Bagi Daerah Istimewa Yogyakarta, partisipasi dalam PESPARAWI Nasional XIV Tahun 2026 merupakan sebuah kehormatan sekaligus tanggung jawab besar. Keikutsertaan ini bukan semata-mata untuk meraih prestasi, tetapi juga menjadi bagian dari upaya membangun kualitas kehidupan beragama, memperkuat karakter generasi muda, serta memperkenalkan identitas Yogyakarta di tingkat nasional.

Karena itu, Lembaga Pengembangan Pesparawi Daerah (LPPD) Daerah Istimewa Yogyakarta siap menyukseskan ajang nasional tersebut dengan mengirimkan sebanyak 90 orang yang terdiri atas penyanyi, pelatih, pianis, dan official. Kontingen DIY akan mengikuti enam kategori lomba, yaitu Solo Anak Usia 7–10 Tahun, Solo Anak Usia 11–15 Tahun, Solo Remaja Putra, Solo Remaja Putri, Paduan Suara Remaja, serta Paduan Suara Dewasa Campuran.
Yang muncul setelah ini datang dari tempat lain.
lemma funpow_pderiv_pcompose_shift:
  "(pderiv ^^ j) (pcompose g [:w, 1:]) = pcompose ((pderiv ^^ j) g) [:w, 1:]"
  by (induction j) (auto simp: pderiv_pcompose pderiv_pCons)

lemma fact_mult_coeff_pcompose_shift:
  "of_nat (fact j) * coeff (pcompose g [:w, 1:]) j = poly ((pderiv ^^ j) g) w"
  by (simp add: coeff_0_funpow_pderiv[symmetric] poly_0_coeff_0[symmetric]
      funpow_pderiv_pcompose_shift poly_pcompose)

lemma prime_power_dvd_if_dvd_fact_mult:
  fixes c :: int
  assumes p: "prime p" and "j \<le> m"
    and dvd: "p ^ (e + multiplicity p (fact m)) dvd fact j * c"
  shows "p ^ e dvd c"
proof -
  have "fact j \<noteq> (0::int)" by simp
  then obtain u where u: "fact j = p ^ multiplicity p (fact j) * u" "\<not> p dvd u"
    using multiplicity_decompose' p by (metis not_prime_unit)
  have "multiplicity p (fact j :: int) \<le> multiplicity p (fact m)"
    using \<open>j \<le> m\<close> p by (intro dvd_imp_multiplicity_le fact_dvd) auto
  then have "p ^ (e + multiplicity p (fact j)) dvd fact j * c"
    using dvd by (meson add_left_mono dvd_trans le_imp_power_dvd)
  then have "p ^ multiplicity p (fact j) * p ^ e dvd p ^ multiplicity p (fact j) * (u * c)"
    using u(1) by (simp add: power_add mult.assoc mult.commute)
  then have "p ^ e dvd u * c"
    using p by simp
  moreover have "coprime (p ^ e) u" using p u(2) by (simp add: prime_imp_coprime)
  ultimately show ?thesis by (simp add: coprime_dvd_mult_right_iff)
qed
(* If $h:[0,\infty)\to[\frac{\beta u_0-1}{r},\frac{\beta u_0}{r}]$ is a decreasing solution to the HJB equation, then $h$ is strictly decreasing.
   Context: Fix $\mu\in\mathbb R$, $\sigma>0$, $u_0>0$, $r>0$, $\beta>0$, $d>0$. The HJB equation is $$-rh(z)-\mu h'(z)+\tfrac{\sigma^2}{2}h''(z)+\sup_{u\in[0,u_0]}\{(\beta+h'(z))u\}=\mathbf 1_{\{z>d\}}.$$ A solution to the HJB equation is a function $h:[0,\infty)\to[\frac{\beta u_0-1}{r},\frac{\beta u_0}{r}]$ that is continuously differentiable on $[0,\infty)$, twice continuously differentiable on $[0,d]$ and on $(d,\infty)$ respectively (with $h'(0),h''(0)$ the right derivatives and $h''(d)$ the left second derivative), and satisfies the HJB equation for all $z\ge0$. *)

theory Defs
  imports "HOL-Analysis.Analysis"
begin

text \<open>A solution to the HJB equation on [0,\<infinity>). The derivative functions dh (first
derivative) and ddh (second derivative) are witnesses: dh is the derivative of h on
[0,\<infinity>) (right derivative at 0) and is continuous there; ddh is the derivative of dh
on [0,d] (one-sided at the endpoints, so ddh d is the left second derivative) and on
(d,\<infinity>), continuous on each piece.\<close>

definition HJB_solution ::
  "real \<Rightarrow> real \<Rightarrow> real \<Rightarrow> real \<Rightarrow> real \<Rightarrow> real \<Rightarrow> (real \<Rightarrow> real) \<Rightarrow> bool" where
  "HJB_solution \<mu> \<sigma> u0 r \<beta> d h \<longleftrightarrow>
     (\<forall>z\<ge>0. (\<beta> * u0 - 1) / r \<le> h z \<and> h z \<le> \<beta> * u0 / r) \<and>
     (\<exists>dh ddh.
        (\<forall>z\<ge>0. (h has_real_derivative dh z) (at z within {0..})) \<and>
        continuous_on {0..} dh \<and>
        (\<forall>z\<in>{0..d}. (dh has_real_derivative ddh z) (at z within {0..d})) \<and>
        continuous_on {0..d} ddh \<and>
        (\<forall>z>d. (dh has_real_derivative ddh z) (at z)) \<and>
        continuous_on {d<..} ddh \<and>
        (\<forall>z\<ge>0. - r * h z - \<mu> * dh z + \<sigma>\<^sup>2 / 2 * ddh z
                  + (SUP u\<in>{0..u0}. (\<beta> + dh z) * u)
                = (if z > d then 1 else 0)))"

end

theory Submission
  imports Defs
begin

text \<open>
  On an interval where \<open>h\<close> is constant, \<open>h' = h'' = 0\<close> and the HJB equation pins the
  constant to one of the two bounds: to \<open>(\<beta> u0 - 1) / r\<close> beyond \<open>d\<close>, to \<open>\<beta> u0 / r\<close> before
  \<open>d\<close>. Being decreasing, \<open>h\<close> then keeps the lower bound on a whole ray \<open>[s, \<infinity>)\<close>, resp.
  the upper bound on a whole segment \<open>[0, t]\<close>, with \<open>h' = 0\<close> at the endpoint. Away from
  \<open>d\<close>, near such an endpoint \<open>\<beta> + h' > 0\<close>, so the equation is a linear second order
  ODE for \<open>h - c\<close> with zero Cauchy data, and uniqueness (a Gronwall estimate for
  \<open>(h - c)\<^sup>2 + h'\<^sup>2\<close>) extends the flat piece past the endpoint. At \<open>d\<close> itself the
  equation forces \<open>h'' < 0\<close> just left of \<open>d\<close>, resp. \<open>h'' > 0\<close> just right of it, which
  makes \<open>h'\<close> positive nearby, against monotonicity.
\<close>

lemma SUP_mult_atLeastAtMost:
  fixes k u0 :: real
  assumes "u0 > 0"
  shows "(SUP u\<in>{0..u0}. k * u) = u0 * max k 0"
proof (cases "k \<ge> 0")
  case True
  have "(SUP u\<in>{0..u0}. k * u) = k * u0"
    by (rule cSup_eq_maximum) (use assms True in \<open>auto intro!: mult_left_mono\<close>)
  with True show ?thesis by simp
next
  case False
  have "(SUP u\<in>{0..u0}. k * u) = k * 0"
    by (rule cSup_eq_maximum) (use assms False in \<open>auto simp: mult_le_0_iff\<close>)
  with False show ?thesis by simp
qed

lemma nonneg_vanishes_if_deriv_le_self:
  fixes E E' :: "real \<Rightarrow> real"
  assumes "a \<le> b" and cont: "continuous_on {a..b} E"
    and deriv: "\<And>z. a < z \<Longrightarrow> z < b \<Longrightarrow> (E has_real_derivative E' z) (at z)"
    and growth: "\<And>z. a < z \<Longrightarrow> z < b \<Longrightarrow> E' z \<le> K * E z"
    and "E a = 0" and "0 \<le> E b"
  shows "E b = 0"
proof -
  define F where "F z = E z * exp (- K * z)" for z
  have "F b \<le> F a"
  proof (rule DERIV_nonpos_imp_decreasing_open[OF \<open>a \<le> b\<close>])
    show "continuous_on {a..b} F"
      unfolding F_def by (intro continuous_intros cont)
    fix z assume z: "a < z" "z < b"
    have "(F has_real_derivative (E' z - K * E z) * exp (- K * z)) (at z)"
      unfolding F_def by (rule derivative_eq_intros deriv[OF z] | simp add: algebra_simps)+
    moreover have "(E' z - K * E z) * exp (- K * z) \<le> 0"
      using growth[OF z] by (simp add: mult_nonpos_nonneg)
    ultimately show "\<exists>y. (F has_real_derivative y) (at z) \<and> y \<le> 0" by blast
  qed
  then have "E b * exp (- K * b) \<le> 0"
    using \<open>E a = 0\<close> by (simp add: F_def)
  with \<open>0 \<le> E b\<close> show ?thesis
    by (simp add: mult_le_0_iff)
qed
Dalam pesannya, Gubernur Daerah Istimewa Yogyakarta yang dibacakan oleh KGPAA Paku Alam X mengingatkan seluruh kontingen agar senantiasa menjaga nama baik Yogyakarta serta berupaya mengharumkan daerah istimewa ini di tingkat nasional. Sementara itu, Pelaksana Tugas Bimbingan Masyarakat Kristen, H. Abd. Su’ud, yang mewakili Kepala Kantor Wilayah Kementerian Agama Daerah Istimewa Yogyakarta, menyampaikan bahwa Yogyakarta merupakan satu-satunya provinsi yang menyandang predikat istimewa.
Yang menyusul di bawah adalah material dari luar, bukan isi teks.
(* Let $(a_0,\ldots,a_n)$ be a finite sequence of positive integers. For every $\varepsilon>0$ there is $m_0>0$ such that for every integer $m\ge m_0$ and every positive integer $N$, $$|\Phi^-(\beta^N)-\Phi^-(\beta^1)|<\frac{\varepsilon}{4},$$ where $\beta^N=\beta^N_m$ is as defined in the context.
   Context: For positive integers $d_0,d_1,\ldots$, $[d_0,d_1,d_2,\ldots]$ denotes the continued fraction $\cfrac{1}{d_0+\cfrac{1}{d_1+\cfrac{1}{d_2+\cdots}}}$, and for $\beta=[d_0,d_1,\ldots]$ we write $\alpha_j(\beta)=[d_j,d_{j+1},\ldots]$. $\Phi(\beta)=\sum_{k\ge 0}\alpha_0(\beta)\cdots\alpha_{k-1}(\beta)\log\frac{1}{\alpha_k(\beta)}$ is the Yoccoz Brjuno function. For integers $m\ge1$, $N\ge1$, $\beta^N$ is the number whose digits (indexed from $0$) are $a_0,\ldots,a_n$ in positions $0,\ldots,n$, $N$ in position $n+m$, and $1$ in all other positions (so $\beta^1=[a_0,\ldots,a_n,1,1,\ldots]$). For such $\beta$ (with $m$ fixed), $\Phi^-(\beta)=\Phi(\beta)-\alpha_0(\beta)\alpha_1(\beta)\cdots\alpha_{n+m-1}(\beta)\log\frac{1}{\alpha_{n+m}(\beta)}$. *)

theory Defs
  imports Complex_Main
begin

primrec cfin :: "nat \<Rightarrow> (nat \<Rightarrow> nat) \<Rightarrow> real" where
  "cfin 0 d = 0"
| "cfin (Suc k) d = 1 / (real (d 0) + cfin k (\<lambda>i. d (Suc i)))"

definition cfrac :: "(nat \<Rightarrow> nat) \<Rightarrow> real" where
  "cfrac d = lim (\<lambda>k. cfin k d)"

definition alpha :: "nat \<Rightarrow> (nat \<Rightarrow> nat) \<Rightarrow> real" where
  "alpha j d = cfrac (\<lambda>i. d (i + j))"

definition Phi :: "(nat \<Rightarrow> nat) \<Rightarrow> real" where
  "Phi d = (\<Sum>k. (\<Prod>i<k. alpha i d) * ln (1 / alpha k d))"

definition Phi_minus :: "nat \<Rightarrow> nat \<Rightarrow> (nat \<Rightarrow> nat) \<Rightarrow> real" where
  "Phi_minus m n d = Phi d - (\<Prod>i<n + m. alpha i d) * ln (1 / alpha (n + m) d)"

definition betaN :: "(nat \<Rightarrow> nat) \<Rightarrow> nat \<Rightarrow> nat \<Rightarrow> nat \<Rightarrow> (nat \<Rightarrow> nat)" where
  "betaN a n m N = (\<lambda>i. if i \<le> n then a i else if i = n + m then N else 1)"

end

(* The digits of beta^N and beta^1 agree except at position p = n + m. Two steps of the map
   x -> 1/(a + x) with a >= 1 contract [0,1] by the factor 1/4, so the tails alpha_j of the two numbers
   differ by at most 2 * 2^-(p-j) for j <= p, whatever N is. Since alpha_j * alpha_(j+1) <= 1/2, the
   k-th term of the Brjuno series is at most 2 (3/4)^k d_k. With the p-th terms removed, split the
   difference of the two series at K: all remaining digits are bounded by A = a_0 + ... + a_n + 1, so
   the terms k >= K contribute at most 8 A (3/4)^K, and each of the first K terms is O(K A 2^-(p-K))
   by the closeness of the alpha_j. Choosing K first and then m large makes both parts small,
   uniformly in N. *)

theory Submission
  imports Defs
begin

lemma exists_mult_power_less:
  fixes c r e :: real
  assumes "\<bar>r\<bar> < 1" "e > 0"
  shows "\<exists>k. c * r^k < e"
proof -
  have "(\<lambda>k. c * r^k) \<longlonglongrightarrow> 0" using assms by (intro tendsto_mult_right_zero LIMSEQ_power_zero) simp
  then have "\<forall>\<^sub>F k in sequentially. c * r^k < e" using assms(2) by (rule order_tendstoD(2))
  then show ?thesis by (auto simp: eventually_sequentially)
qed

primrec cfin_tail :: "nat \<Rightarrow> (nat \<Rightarrow> nat) \<Rightarrow> real \<Rightarrow> real" where
  "cfin_tail 0 d x = x"
| "cfin_tail (Suc k) d x = 1 / (real (d 0) + cfin_tail k (\<lambda>i. d (Suc i)) x)"

lemma cfin_tail_nonneg: "0 \<le> x \<Longrightarrow> 0 \<le> cfin_tail k d x"
  by (induction k arbitrary: d) auto

lemma cfin_tail_le_1:
  assumes "\<forall>i. d i \<ge> 1" "0 \<le> x" "x \<le> 1"
  shows "cfin_tail k d x \<le> 1"
  using assms(1)
proof (induction k arbitrary: d)
  case 0
  then show ?case using assms(3) by simp
next
  case (Suc k)
  then have "real (d 0) \<ge> 1" by simp
  moreover have "0 \<le> cfin_tail k (\<lambda>i. d (Suc i)) x" by (rule cfin_tail_nonneg[OF assms(2)])
  ultimately show ?case by (simp add: divide_le_eq)
qed

lemma cfin_tail_cong: "\<forall>i<k. d i = e i \<Longrightarrow> cfin_tail k d x = cfin_tail k e x"
  by (induction k arbitrary: d e) auto

lemma cfin_add: "cfin (k + l) d = cfin_tail k d (cfin l (\<lambda>i. d (i + k)))"
  by (induction k arbitrary: d) auto

lemma cfin_bounds:
  assumes "\<forall>i. d i \<ge> 1"
  shows "0 \<le> cfin k d" "cfin k d \<le> 1"
  using cfin_add[of k 0 d] cfin_tail_nonneg[of 0 k d] cfin_tail_le_1[OF assms, of 0 k] by simp_all

lemma abs_inverse_shift_diff_le:
  fixes a u v :: real
  assumes "a \<ge> 1" "u \<ge> 0" "v \<ge> 0"
  shows "\<bar>1 / (a + u) - 1 / (a + v)\<bar> \<le> \<bar>u - v\<bar>"
proof -
  have den: "(a + u) * (a + v) \<ge> 1" using assms mult_mono[of 1 "a + u" 1 "a + v"] by simp
  have "1 / (a + u) - 1 / (a + v) = (v - u) / ((a + u) * (a + v))"
    using assms by (simp add: field_simps)
  then have "\<bar>1 / (a + u) - 1 / (a + v)\<bar> = \<bar>u - v\<bar> / ((a + u) * (a + v))"
    using den by (simp add: abs_div abs_minus_commute)
  also have "\<dots> \<le> \<bar>u - v\<bar> / 1" using den by (intro divide_left_mono) auto
  finally show ?thesis by simp
qed

lemma abs_inverse_shift2_diff_le:
  fixes a b u v :: real
  assumes "a \<ge> 1" "b \<ge> 1" "u \<ge> 0" "v \<ge> 0"
  shows "\<bar>1 / (a + 1 / (b + u)) - 1 / (a + 1 / (b + v))\<bar> \<le> \<bar>u - v\<bar> / 4"
proof -
  have pu: "a * (b + u) + 1 \<ge> 2" and pv: "a * (b + v) + 1 \<ge> 2"
    using assms mult_mono[of 1 a 1 "b + u"] mult_mono[of 1 a 1 "b + v"] by simp_all
  then have den: "(a * (b + u) + 1) * (a * (b + v) + 1) \<ge> 4"
    using mult_mono[of 2 "a * (b + u) + 1" 2 "a * (b + v) + 1"] by simp
  have "1 / (a + 1 / (b + u)) = (b + u) / (a * (b + u) + 1)"
    and "1 / (a + 1 / (b + v)) = (b + v) / (a * (b + v) + 1)"
    using assms by (simp_all add: field_simps)
  moreover have "(b + u) / (a * (b + u) + 1) - (b + v) / (a * (b + v) + 1)
      = (u - v) / ((a * (b + u) + 1) * (a * (b + v) + 1))"
    using pu pv by (simp add: field_simps)
  ultimately have "\<bar>1 / (a + 1 / (b + u)) - 1 / (a + 1 / (b + v))\<bar>
      = \<bar>u - v\<bar> / ((a * (b + u) + 1) * (a * (b + v) + 1))"
    using den by (simp add: abs_div)
  also have "\<dots> \<le> \<bar>u - v\<bar> / 4" using den by (intro divide_left_mono) auto
  finally show ?thesis .
qed

lemma cfin_tail_contraction:
  assumes "\<forall>i. d i \<ge> 1" "0 \<le> x" "x \<le> 1" "0 \<le> y" "y \<le> 1"
  shows "\<bar>cfin_tail k d x - cfin_tail k d y\<bar> \<le> 2 * (1/2)^k * \<bar>x - y\<bar>"
  using assms(1)
proof (induction k arbitrary: d rule: nat_induct2)
  case 1
  then have "real (d 0) \<ge> 1" by simp
  then show ?case using assms abs_inverse_shift_diff_le[of "d 0" x y] by simp
next
  case (step k)
  let ?d2 = "\<lambda>i. d (Suc (Suc i))"
  have "\<bar>cfin_tail (k + 2) d x - cfin_tail (k + 2) d y\<bar>
      \<le> \<bar>cfin_tail k ?d2 x - cfin_tail k ?d2 y\<bar> / 4"
    using step.prems cfin_tail_nonneg[OF assms(2)] cfin_tail_nonneg[OF assms(4)]
      abs_inverse_shift2_diff_le[of "d 0" "d 1" "cfin_tail k ?d2 x" "cfin_tail k ?d2 y"]
    by (simp add: numeral_2_eq_2)
  also have "\<dots> \<le> 2 * (1/2)^k * \<bar>x - y\<bar> / 4"
    using step.IH[of ?d2] step.prems by (intro divide_right_mono) auto
  finally show ?case by (simp add: power_add mult_ac)
qed simp

lemma cfin_dist_le:
  assumes "\<forall>i. d i \<ge> 1" "M \<le> k" "M \<le> l"
  shows "\<bar>cfin k d - cfin l d\<bar> \<le> 2 * (1/2)^M"
proof -
  obtain k' l' where kl: "k = M + k'" "l = M + l'" using assms le_Suc_ex by blast
  let ?d = "\<lambda>i. d (i + M)"
  have d: "\<forall>i. ?d i \<ge> 1" using assms by auto
  have "\<bar>cfin k d - cfin l d\<bar> = \<bar>cfin_tail M d (cfin k' ?d) - cfin_tail M d (cfin l' ?d)\<bar>"
    using kl cfin_add by simp
  also have "\<dots> \<le> 2 * (1/2)^M * \<bar>cfin k' ?d - cfin l' ?d\<bar>"
    using cfin_tail_contraction assms(1) cfin_bounds[OF d] by blast
  also have "\<dots> \<le> 2 * (1/2)^M * 1"
    using cfin_bounds[OF d, of k'] cfin_bounds[OF d, of l'] by (intro mult_left_mono) auto
  finally show ?thesis by simp
qed

lemma LIMSEQ_cfin:
  assumes "\<forall>i. d i \<ge> 1"
  shows "(\<lambda>k. cfin k d) \<longlonglongrightarrow> cfrac d"
proof -
  have "Cauchy (\<lambda>k. cfin k d)"
  proof (rule CauchyI)
    fix r :: real assume "0 < r"
    then obtain M where M: "2 * (1/2)^M < r" using exists_mult_power_less[of "1/2" r 2] by auto
    have "norm (cfin k d - cfin l d) < r" if "M \<le> k" "M \<le> l" for k l
      using cfin_dist_le[OF assms that] M by simp
    then show "\<exists>M. \<forall>k\<ge>M. \<forall>l\<ge>M. norm (cfin k d - cfin l d) < r" by blast
  qed
  then show ?thesis unfolding cfrac_def by (intro convergent_LIMSEQ_iff[THEN iffD1] Cauchy_convergent)
qed

lemma cfrac_bounds:
  assumes "\<forall>i. d i \<ge> 1"
  shows "0 \<le> cfrac d" "cfrac d \<le> 1"
  using LIMSEQ_cfin[OF assms] cfin_bounds[OF assms] by (meson LIMSEQ_le_const LIMSEQ_le_const2)+

lemma tendsto_cfin_tail:
  assumes "X \<longlonglongrightarrow> L" "L \<ge> 0" "\<forall>i. d i \<ge> 1"
  shows "(\<lambda>l. cfin_tail k d (X l)) \<longlonglongrightarrow> cfin_tail k d L"
  using assms(3)
proof (induction k arbitrary: d)
  case 0
  then show ?case using assms(1) by simp
next
  case (Suc k)
  have "real (d 0) + cfin_tail k (\<lambda>i. d (Suc i)) L \<ge> 1"
    using Suc.prems cfin_tail_nonneg[OF assms(2)] by (simp add: add_increasing2)
  then show ?case using Suc by (auto intro!: tendsto_intros)
qed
“Yogyakarta adalah provinsi yang istimewa. Karena itu, mari kita tunjukkan keistimewaan tersebut melalui semangat, disiplin, kebersamaan, dan penampilan terbaik dari Yogyakarta untuk Indonesia,” pesannya.

Di balik penampilan yang nantinya akan disaksikan di panggung nasional, terdapat proses panjang yang melibatkan banyak pihak. Latihan yang intensif, pengorbanan waktu, dukungan keluarga, pembinaan para pelatih, serta sinergi antara pemerintah, gereja, dan masyarakat menjadi fondasi penting bagi keberhasilan kontingen.

PESPARAWI pada akhirnya bukan hanya tentang siapa yang menjadi juara. Lebih dari itu, kegiatan ini merupakan perayaan iman yang menghadirkan pesan damai, memperkuat persaudaraan, serta meneguhkan komitmen kebangsaan. Dari Manokwari, Papua Barat, harmoni pujian akan kembali menggemakan semangat Indonesia yang bersatu dalam keberagaman.

Selamat berjuang kepada seluruh Kontingen PESPARAWI Daerah Istimewa Yogyakarta. Tampilkan yang terbaik, junjung tinggi sportivitas, dan bawalah nama harum Yogyakarta di pentas nasional. Dari Yogyakarta untuk Indonesia, melalui pujian yang mempersatukan.